### [TASK INSTRUCTIONS]
Beginning with the first line of the data below, reproduce every line unchanged, ending with the line that holds "unfolding end_boxes_def .".
··· DATA FOR THIS EXERCISE
(* A monomial alpha in A(mu) is Phi(T) for some row-strict filling T of mu.
   In such a filling the largest entry i = |rho| sits at the far right of its row, i.e. in
   an end box p, and the dimension pairs (a, i) are exactly the entries a of the end boxes
   preceding p in the dimension ordering.  Hence alpha_i = |D_i| is the index of p in the
   dimension ordering: the procedure selects exactly the box of T holding i.  Deleting that
   box leaves a row-strict filling of a composition of i - 1 with unchanged sets D_j (j < i),
   so by induction along the recursion of proc the procedure reconstructs T itself, and all
   selected labels exist.  Since Phi, the dimension pairs and row-strictness only depend on
   the values inside the boxes, proc alpha n mu inherits them from T; finally the number of
   dimension pairs of any filling is the degree of its monomial Phi. *)

section \<open>Position of an end box in the dimension ordering\<close>

definition dkey :: "nat \<times> nat \<Rightarrow> int \<times> nat" where
  "dkey = (\<lambda>(k, c). (- int c, k))"

lemma dim_order_dkey: "dim_order \<rho> = sort_key dkey (end_boxes \<rho>)"
  by (simp add: dim_order_def dkey_def)

lemma inj_dkey: "inj dkey"
  by (auto simp: inj_def dkey_def)

lemma set_end_boxes:
  "set (end_boxes \<rho>) = {(k, \<rho> ! k - 1) | k. k < length \<rho> \<and> 0 < \<rho> ! k}"
  by (auto simp: end_boxes_def)

lemma distinct_end_boxes: "distinct (end_boxes \<rho>)"
proof -
  have "concat (map (\<lambda>k. if P k then [f k] else []) xs) = map f (filter P xs)"
    for P and f :: "nat \<Rightarrow> nat \<times> nat" and xs :: "nat list"
    by (induction xs) auto
  hence "end_boxes \<rho> = map (\<lambda>k. (k, \<rho> ! k - 1)) (filter (\<lambda>k. 0 < \<rho> ! k) [0..<length \<rho>])"
    unfolding end_boxes_def .
  thus ?thesis by (simp add: distinct_map inj_on_def)
qed

lemma sorted_index:
  fixes f :: "'a \<Rightarrow> 'b::linorder"
  assumes "sorted (map f L)" "distinct (map f L)" "p \<in> set L"
  shows "card {x \<in> set L. f x < f p} < length L \<and> L ! card {x \<in> set L. f x < f p} = p"
  using assms
proof (induction L)
  case Nil thus ?case by simp
next
  case (Cons y L)
  show ?case
  proof (cases "y = p")
    case True
    have none_smaller: "{x \<in> set (y # L). f x < f p} = {}"
      using Cons.prems True by (auto simp: less_le_not_le)
    show ?thesis unfolding none_smaller using True by simp
  next
    case False
    hence pL: "p \<in> set L" using Cons.prems by auto
    have "f y < f p" using Cons.prems pL by (auto simp: order_le_less)
    hence "{x \<in> set (y # L). f x < f p} = insert y {x \<in> set L. f x < f p}" by auto
    moreover have "y \<notin> set L" using Cons.prems by auto
    ultimately have "card {x \<in> set (y # L). f x < f p} = Suc (card {x \<in> set L. f x < f p})"
      by simp
    thus ?thesis using Cons pL by auto
  qed
qed

lemma dim_order_index:
  assumes "p \<in> set (end_boxes \<rho>)"
  defines "m \<equiv> card {x \<in> set (end_boxes \<rho>). dkey x < dkey p}"
  shows "m < length (dim_order \<rho>) \<and> dim_order \<rho> ! m = p"
proof -
  have "distinct (map dkey (sort_key dkey (end_boxes \<rho>)))"
    using distinct_end_boxes by (simp add: distinct_map inj_on_subset[OF inj_dkey])
  from sorted_index[OF sorted_sort_key this, of p] show ?thesis
    using assms by (simp add: dim_order_dkey)
qed

section \<open>The largest entry of a row-strict filling\<close>

lemma row_strict_bij:
  "row_strict_filling \<rho> T \<Longrightarrow> bij_betw T (boxes \<rho>) {1..sum_list \<rho>}"
  by (simp add: row_strict_filling_def is_filling_def)

lemma largest_entry_end_box:
  assumes rs: "row_strict_filling \<rho> T" and i: "sum_list \<rho> = i" "1 \<le> i"
  obtains k where "k < length \<rho>" "0 < \<rho> ! k" "T (k, \<rho> ! k - 1) = i"
proof -
  have bij: "bij_betw T (boxes \<rho>) {1..i}" using row_strict_bij[OF rs] i by simp
  hence "i \<in> T ` boxes \<rho>" using i by (simp add: bij_betw_def)
  then obtain k c where kc: "(k, c) \<in> boxes \<rho>" "T (k, c) = i" by auto
  hence kl: "k < length \<rho>" "c < \<rho> ! k" by (auto simp: boxes_def)
  have "\<not> Suc c < \<rho> ! k"
  proof
    assume "Suc c < \<rho> ! k"
    hence b: "(k, Suc c) \<in> boxes \<rho>" using kl by (simp add: boxes_def)
    hence "T (k, c) < T (k, Suc c)" using rs by (simp add: row_strict_filling_def)
    moreover have "T (k, Suc c) \<in> {1..i}" using b bij by (auto simp: bij_betw_def)
    ultimately show False using kc by simp
  qed
  hence "c = \<rho> ! k - 1" using kl by simp
  thus ?thesis using that kl kc by simp
qed

lemma dim_pair_largest_iff:
  assumes rs: "row_strict_filling \<rho> T" and i: "sum_list \<rho> = i"
    and k: "k < length \<rho>" "0 < \<rho> ! k" "T (k, \<rho> ! k - 1) = i"
  defines "p \<equiv> (k, \<rho> ! k - 1)"
  shows "dim_pair \<rho> T a i \<longleftrightarrow> (\<exists>x \<in> set (end_boxes \<rho>). dkey x < dkey p \<and> T x = a)"
proof -
  have bij: "bij_betw T (boxes \<rho>) {1..i}" using row_strict_bij[OF rs] i by simp
  hence inj: "inj_on T (boxes \<rho>)" and img: "T ` boxes \<rho> = {1..i}" by (auto simp: bij_betw_def)
  have pB: "p \<in> boxes \<rho>" and Tp: "T p = i" using k by (auto simp: boxes_def p_def)
  have only_p: "q = p" if "q \<in> boxes \<rho>" "T q = i" for q
    using inj that pB Tp by (auto simp: inj_on_def)
  show ?thesis
  proof
    assume "dim_pair \<rho> T a i"
    then obtain k' c' pb where pa: "(k', c') \<in> boxes \<rho>" and pb: "pb \<in> boxes \<rho>" and
      Ta: "T (k', c') = a" and Tb: "T pb = i" and
      pos: "(snd pb = c' \<and> fst pb > k') \<or> snd pb < c'" and
      next_box: "(k', Suc c') \<in> boxes \<rho> \<longrightarrow> i \<le> T (k', Suc c')"
      by (auto simp: dim_pair_def)
    have "pb = p" using only_p pb Tb .
    have "(k', Suc c') \<notin> boxes \<rho>"
    proof
      assume r: "(k', Suc c') \<in> boxes \<rho>"
      hence "T (k', Suc c') \<in> {1..i}" using img by blast
      hence "T (k', Suc c') = i" using next_box r by simp
      hence "(k', Suc c') = p" using only_p r by blast
      thus False using pos \<open>pb = p\<close> by (auto simp: p_def)
    qed
    hence "(k', c') \<in> set (end_boxes \<rho>)" using pa by (auto simp: set_end_boxes boxes_def)
    moreover have "dkey (k', c') < dkey p" using pos \<open>pb = p\<close> by (auto simp: dkey_def p_def)
    ultimately show "\<exists>x \<in> set (end_boxes \<rho>). dkey x < dkey p \<and> T x = a" using Ta by blast
  next
    assume "\<exists>x \<in> set (end_boxes \<rho>). dkey x < dkey p \<and> T x = a"
    then obtain k' where x: "k' < length \<rho>" "0 < \<rho> ! k'" "T (k', \<rho> ! k' - 1) = a"
      and dk: "dkey (k', \<rho> ! k' - 1) < dkey p" by (auto simp: set_end_boxes)
    define q where "q = (k', \<rho> ! k' - 1)"
    have qB: "q \<in> boxes \<rho>" using x by (auto simp: boxes_def q_def)
    hence "a \<in> {1..i}" "a \<noteq> i" using x img only_p dk by (auto simp: q_def)
    moreover have "(snd p = snd q \<and> fst p > fst q) \<or> snd p < snd q"
      using dk by (auto simp: dkey_def p_def q_def)
    moreover have "(fst q, Suc (snd q)) \<notin> boxes \<rho>" using x by (auto simp: boxes_def q_def)
    moreover have "T q = a" using x(3) by (simp add: q_def)
    ultimately show "dim_pair \<rho> T a i" unfolding dim_pair_def
      using qB pB Tp by (metis atLeastAtMost_iff nat_less_le)
  qed
qed

lemma card_D_set_largest:
  assumes rs: "row_strict_filling \<rho> T" and i: "sum_list \<rho> = i"
    and k: "k < length \<rho>" "0 < \<rho> ! k" "T (k, \<rho> ! k - 1) = i"
  shows "card (D_set \<rho> T i) = card {x \<in> set (end_boxes \<rho>). dkey x < dkey (k, \<rho> ! k - 1)}"
proof -
  define E where "E = {x \<in> set (end_boxes \<rho>). dkey x < dkey (k, \<rho> ! k - 1)}"
  have "D_set \<rho> T i = T ` E"
    using dim_pair_largest_iff[OF assms] by (auto simp: D_set_def E_def)
  moreover have "E \<subseteq> boxes \<rho>" by (auto simp: E_def set_end_boxes boxes_def)
  hence "inj_on T E" using row_strict_bij[OF rs] by (auto simp: bij_betw_def inj_on_subset)
  ultimately show ?thesis by (simp add: card_image E_def)
qed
······
### [EXERCISE OUTPUT]
(* A monomial alpha in A(mu) is Phi(T) for some row-strict filling T of mu.
   In such a filling the largest entry i = |rho| sits at the far right of its row, i.e. in
   an end box p, and the dimension pairs (a, i) are exactly the entries a of the end boxes
   preceding p in the dimension ordering.  Hence alpha_i = |D_i| is the index of p in the
   dimension ordering: the procedure selects exactly the box of T holding i.  Deleting that
   box leaves a row-strict filling of a composition of i - 1 with unchanged sets D_j (j < i),
   so by induction along the recursion of proc the procedure reconstructs T itself, and all
   selected labels exist.  Since Phi, the dimension pairs and row-strictness only depend on
   the values inside the boxes, proc alpha n mu inherits them from T; finally the number of
   dimension pairs of any filling is the degree of its monomial Phi. *)

section \<open>Position of an end box in the dimension ordering\<close>

definition dkey :: "nat \<times> nat \<Rightarrow> int \<times> nat" where
  "dkey = (\<lambda>(k, c). (- int c, k))"

lemma dim_order_dkey: "dim_order \<rho> = sort_key dkey (end_boxes \<rho>)"
  by (simp add: dim_order_def dkey_def)

lemma inj_dkey: "inj dkey"
  by (auto simp: inj_def dkey_def)

lemma set_end_boxes:
  "set (end_boxes \<rho>) = {(k, \<rho> ! k - 1) | k. k < length \<rho> \<and> 0 < \<rho> ! k}"
  by (auto simp: end_boxes_def)

lemma distinct_end_boxes: "distinct (end_boxes \<rho>)"
proof -
  have "concat (map (\<lambda>k. if P k then [f k] else []) xs) = map f (filter P xs)"
    for P and f :: "nat \<Rightarrow> nat \<times> nat" and xs :: "nat list"
    by (induction xs) auto
  hence "end_boxes \<rho> = map (\<lambda>k. (k, \<rho> ! k - 1)) (filter (\<lambda>k. 0 < \<rho> ! k) [0..<length \<rho>])"
    unfolding end_boxes_def .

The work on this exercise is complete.